I've been on a few textbook selection committees over the years. In the last 10-12 years, there's been a real push to force the selection of certain texts.
Why? I honestly don't know, but I believe that it is a very concerted effort.
Typically teachers are invited to evaluate the texts, but most likely the documents used to collect and organize the information are so skewed, that a text lacking conten will surely win out.
During the last text adoption, I decided which text was best first, then I filled in the scoring guide so it had the highest possibe marks in all categories and all the other texts ranked extremely low.
I just refused to rate them according to the "criteria" listed because it was so bizarre!
Content and coherence were only part of a very small category that was weighted lightly overall.
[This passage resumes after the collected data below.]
(* Let $\lambda>0$ and $f:\mathbb{R}^n\to\mathbb{R}$ be twice continuously differentiable. Suppose there exist sequences $\{\varepsilon_g^k\}\downarrow0$, $\{\varepsilon_h^k\}\downarrow0$, a sequence $\{w^k\}\to w^*$, and a sequence $\{t_k\}\subseteq[t_{\min},t_{\max}]$ with $0<t_{\min}\le t_{\max}<+\infty$, such that for each $k$, $w^k$ is a strong $(\varepsilon_g^k,\varepsilon_h^k)$-2o point with respect to $t_k$, i.e. $\|\mathcal{G}_{t_k}(w^k)\|\le\varepsilon_g^k$ and $\lambda_{\min}((\nabla^2f(w^k))_{I^k_{\neq0}})\ge-\varepsilon_h^k$, where $I^k_{\neq0}=\{i:w^k_i\neq0\}$. Then $w^*$ satisfies $0\in\nabla f(w^* )+\lambda\partial\|w^*\|_1$ and $z^\top\nabla^2f(w^* )z\ge0$ for all $z\in\mathcal{C}(w^* )=\{z:z_i=0\text{ if }w^*_i=0\}$.
   Context: $\mathcal{G}_t(x):=t(x-\mathrm{prox}_{\frac\lambda t\|\cdot\|_1}(x-\frac1t\nabla f(x)))$, where $\mathrm{prox}_h(z)=\arg\min_x\{h(x)+\frac12\|x-z\|^2\}$. For a symmetric matrix $A$ and index set $J$, $A_J$ is the principal submatrix indexed by $J$. *)

theory Defs
  imports "HOL-Analysis.Analysis"
begin

definition l1norm :: "real^'n \<Rightarrow> real" where
  "l1norm x = (\<Sum>i\<in>UNIV. \<bar>x $ i\<bar>)"

definition prox :: "(real^'n \<Rightarrow> real) \<Rightarrow> real^'n \<Rightarrow> real^'n" where
  "prox h z = (SOME x. \<forall>y. h x + (1/2) * (norm (x - z))\<^sup>2 \<le> h y + (1/2) * (norm (y - z))\<^sup>2)"

definition prox_grad_map ::
  "(real^'n \<Rightarrow> real^'n) \<Rightarrow> real \<Rightarrow> real \<Rightarrow> real^'n \<Rightarrow> real^'n" where
  "prox_grad_map grad lam t x =
     t *\<^sub>R (x - prox (\<lambda>y. (lam / t) * l1norm y) (x - (1 / t) *\<^sub>R grad x))"

text \<open>Eigenvalues of the principal submatrix A_J (vectors supported on J).\<close>
definition principal_eigenvalues :: "real^'n^'n \<Rightarrow> 'n set \<Rightarrow> real set" where
  "principal_eigenvalues A J =
     {\<mu>. \<exists>v. v \<noteq> 0 \<and> (\<forall>i. i \<notin> J \<longrightarrow> v $ i = 0) \<and>
           (\<forall>i\<in>J. (A *v v) $ i = \<mu> * v $ i)}"

definition lambda_min :: "real^'n^'n \<Rightarrow> 'n set \<Rightarrow> real" where
  "lambda_min A J = Min (principal_eigenvalues A J)"

definition support :: "real^'n \<Rightarrow> 'n set" where
  "support w = {i. w $ i \<noteq> 0}"

definition subdiff_l1 :: "real^'n \<Rightarrow> (real^'n) set" where
  "subdiff_l1 w = {s. \<forall>y. l1norm y \<ge> l1norm w + s \<bullet> (y - w)}"

definition critical_cone :: "real^'n \<Rightarrow> (real^'n) set" where
  "critical_cone w = {z. \<forall>i. w $ i = 0 \<longrightarrow> z $ i = 0}"

end

theory Submission
  imports Defs
begin

(* Since G_t(w) = t (w - p) with p the prox point, the optimality condition of the prox says
   that (G_t(w) - grad f(w)) / lam is an l1-subgradient at p. Along the sequence G_k tends to 0
   and t_k >= t_min, so p_k tends to wstar, and closedness of the graph of the l1-subdifferential
   yields -grad f(wstar) / lam in the subdifferential at wstar.
   For the second-order part, eventually supp wstar is contained in supp w_k, so every z in the
   critical cone is supported on I_k. The Hessian is symmetric (Schwarz's theorem, obtained
   from the limit of symmetric second differences), so the smallest eigenvalue of a principal
   submatrix bounds the quadratic form from below: z' H(w_k) z >= -eh_k |z|^2, and the
   continuity of the Hessian passes this to the limit. *)

definition second_difference :: "('a::real_vector \<Rightarrow> real) \<Rightarrow> 'a \<Rightarrow> 'a \<Rightarrow> 'a \<Rightarrow> real \<Rightarrow> real" where
  "second_difference f x u v h = f (x + h *\<^sub>R u + h *\<^sub>R v) - f (x + h *\<^sub>R u) - f (x + h *\<^sub>R v) + f x"

lemma second_difference_commute: "second_difference f x u v h = second_difference f x v u h"
  by (simp add: second_difference_def algebra_simps)

lemma second_difference_mean_value:
  fixes f :: "real^'n \<Rightarrow> real"
  assumes fderiv: "\<And>x. (f has_derivative (\<lambda>h. grad x \<bullet> h)) (at x)"
    and h: "0 < h"
  obtains \<xi> where "0 < \<xi>" "\<xi> < h"
    and "second_difference f x u v h =
         h * ((grad (x + \<xi> *\<^sub>R u + h *\<^sub>R v) - grad (x + \<xi> *\<^sub>R u)) \<bullet> u)"
proof -
  have line: "((\<lambda>t. f (y + t *\<^sub>R u)) has_real_derivative grad (y + t *\<^sub>R u) \<bullet> u) (at t)" for y t
  proof -
    have "((\<lambda>t. y + t *\<^sub>R u) has_derivative (\<lambda>s. s *\<^sub>R u)) (at t)"
      by (auto intro!: derivative_eq_intros)
    from has_derivative_compose[OF this fderiv] show ?thesis
      by (simp add: has_field_derivative_def o_def mult_commute_abs)
  qed
  define \<phi> where "\<phi> t = f (x + h *\<^sub>R v + t *\<^sub>R u) - f (x + t *\<^sub>R u)" for t
  define \<phi>' where "\<phi>' t = grad (x + h *\<^sub>R v + t *\<^sub>R u) \<bullet> u - grad (x + t *\<^sub>R u) \<bullet> u" for t
  have "(\<phi> has_real_derivative \<phi>' t) (at t)" for t
    unfolding \<phi>_def \<phi>'_def by (intro DERIV_diff line)
  then obtain \<xi> where "0 < \<xi>" "\<xi> < h" "\<phi> h - \<phi> 0 = h * \<phi>' \<xi>"
    using MVT2[OF h, of \<phi> \<phi>'] by auto
  then show ?thesis
    by (intro that) (auto simp: second_difference_def \<phi>_def \<phi>'_def algebra_simps inner_diff_left)
qed
(* Let $\lambda$ be an infinite cardinal, let $\mathbb T$ be the unit circle group with its usual topology, and let $\tau_B$ be the topology on the Brandt semigroup $B_\lambda(\mathbb T)$ defined as follows: for a non-zero point $(\alpha,x,\beta)$ a base of neighbourhoods is $\{(\alpha,U,\beta):U$ a neighbourhood of $x$ in $\mathbb T\}$, where $(\alpha,U,\beta)=\{(\alpha,u,\beta):u\in U\}$; a base of neighbourhoods of $0$ consists of the sets $B_\lambda(\mathbb T)\setminus\big(\mathbb T_{\alpha_1,\beta_1}\cup\dots\cup\mathbb T_{\alpha_n,\beta_n}\cup\{(\alpha,x_j,\beta):\alpha,\beta\in\lambda,\ j=1,\dots,k\}\big)$ with $n,k\in\mathbb N$, $\alpha_1,\beta_1,\dots,\alpha_n,\beta_n\in\lambda$, $x_1,\dots,x_k\in\mathbb T$, where $\mathbb T_{\alpha,\beta}=\{(\alpha,x,\beta):x\in\mathbb T\}$. Then the space $(B_\lambda(\mathbb T),\tau_B)$ is countably pracompact if and only if $\lambda\le\mathfrak c$.
   Context: For a group $G$ and cardinal $\lambda$, $B_\lambda(G)=(\lambda\times G\times\lambda)\cup\{0\}$ with $(\alpha,a,\beta)(\gamma,b,\delta)=(\alpha,ab,\delta)$ if $\beta=\gamma$ and $0$ otherwise. A space $X$ is countably pracompact if there is a dense set $A\subseteq X$ such that every infinite subset of $A$ has an accumulation point in $X$. $\mathfrak c$ is the cardinality of the continuum. *)

theory Defs
  imports "HOL-Analysis.Analysis"
begin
There was no way the evaluation sheet could bring a text with quality content to the forefront.
It was totally ridiculous!
I'm sure that these teachers are going through a similar experience.
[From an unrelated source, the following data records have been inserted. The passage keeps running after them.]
(* Let $c>\frac12$ and $\delta>0$ be fixed. Let $\ell\ge4$ and let $\ell_1,\ell_2,\ell_3,\ell_4$ be positive integers with $\ell_1+\ell_2+\ell_3+\ell_4=\ell$. For $\mathbf y_1,\dots,\mathbf y_{\ell-2}\in\mathbb R^n$ and $\varepsilon_1,\dots,\varepsilon_{\ell-2}\in\{1,-1\}$ put $$I_{\mathbf y}=V_n^{-2\ell c}\int_{\mathbb R^n}\int_{\mathbb R^n}f_{c,\delta}(\mathbf x_1)\prod_{i=1}^{\ell_1-1}f_{c,\delta}(\varepsilon_i\mathbf x_1+\mathbf y_i)\; f_{c,\delta}(\mathbf x_2)\prod_{i=\ell_1}^{\ell_1+\ell_2-2}f_{c,\delta}(\varepsilon_i\mathbf x_2+\mathbf y_i)$$ $$\times\prod_{i=\ell_1+\ell_2-1}^{\ell_1+\ell_2+\ell_3-2}f_{c,\delta}\big(\varepsilon_i(\mathbf x_1+\mathbf x_2)+\mathbf y_i\big)\prod_{i=\ell_1+\ell_2+\ell_3-1}^{\ell-2}f_{c,\delta}\big(\varepsilon_i(\mathbf x_1-\mathbf x_2)+\mathbf y_i\big)\,d\mathbf x_1\,d\mathbf x_2 .$$ Then there exist constants $K>0$ and $0<\rho<1$, depending only on $\ell,c,\delta$ (and not on $n$, the $\varepsilon_i$ or the $\mathbf y_i$), such that $I_{\mathbf y}\le K\rho^n$ for all $n\ge1$, all $\varepsilon_i\in\{\pm1\}$ and all $\mathbf y_i\in\mathbb R^n$.
   Context: $V_n=\pi^{n/2}/\Gamma(\frac n2+1)$ is the volume of the unit ball in $\mathbb R^n$, $R_n(\delta)=(\delta/V_n)^{1/n}$, and $f_{c,\delta}:\mathbb R^n\to\mathbb R$ is $f_{c,\delta}(\mathbf x)=|\mathbf x|^{-2cn}$ if $|\mathbf x|>R_n(\delta)$ and $f_{c,\delta}(\mathbf x)=0$ otherwise. Empty products equal $1$. *)

theory Defs
  imports "HOL-Analysis.Analysis"
begin

text \<open>Vectors of R^n are represented as functions nat => real, only the
coordinates 0..n-1 being relevant; Lebesgue measure on R^n is the product
measure PiM {..<n} (\<lambda>_. lborel).\<close>

definition lebesgue_n :: "nat \<Rightarrow> (nat \<Rightarrow> real) measure" where
  "lebesgue_n n = PiM {..<n} (\<lambda>_. lborel)"

definition norm_n :: "nat \<Rightarrow> (nat \<Rightarrow> real) \<Rightarrow> real" where
  "norm_n n x = sqrt (\<Sum>i<n. (x i)\<^sup>2)"

definition V :: "nat \<Rightarrow> real" where
  "V n = pi powr (real n / 2) / Gamma (real n / 2 + 1)"

definition R :: "nat \<Rightarrow> real \<Rightarrow> real" where
  "R n \<delta> = (\<delta> / V n) powr (1 / real n)"

definition f_cd :: "nat \<Rightarrow> real \<Rightarrow> real \<Rightarrow> (nat \<Rightarrow> real) \<Rightarrow> real" where
  "f_cd n c \<delta> x = (if norm_n n x > R n \<delta> then norm_n n x powr (- 2 * c * real n) else 0)"

definition vadd :: "(nat \<Rightarrow> real) \<Rightarrow> (nat \<Rightarrow> real) \<Rightarrow> nat \<Rightarrow> real" where
  "vadd x y = (\<lambda>i. x i + y i)"

definition vsub :: "(nat \<Rightarrow> real) \<Rightarrow> (nat \<Rightarrow> real) \<Rightarrow> nat \<Rightarrow> real" where
  "vsub x y = (\<lambda>i. x i - y i)"

definition vscale :: "real \<Rightarrow> (nat \<Rightarrow> real) \<Rightarrow> nat \<Rightarrow> real" where
  "vscale a x = (\<lambda>i. a * x i)"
This is how curriculum leaders, who typically don't know the subject, drive the selection process - they place the focus on all the other "stuff"
The parents and the school board members should just ask individual teachers DIRECTLY which text/program they believe is best for the students.
This is another example of the anti-knowledge character of public schools: one curriculum director, certified to teach one subject & one subject only, is deemed competent to choose curricula in every subject taught.
Private & parochial schools & universities don't function this way. Authority over curricular choices belongs to departments.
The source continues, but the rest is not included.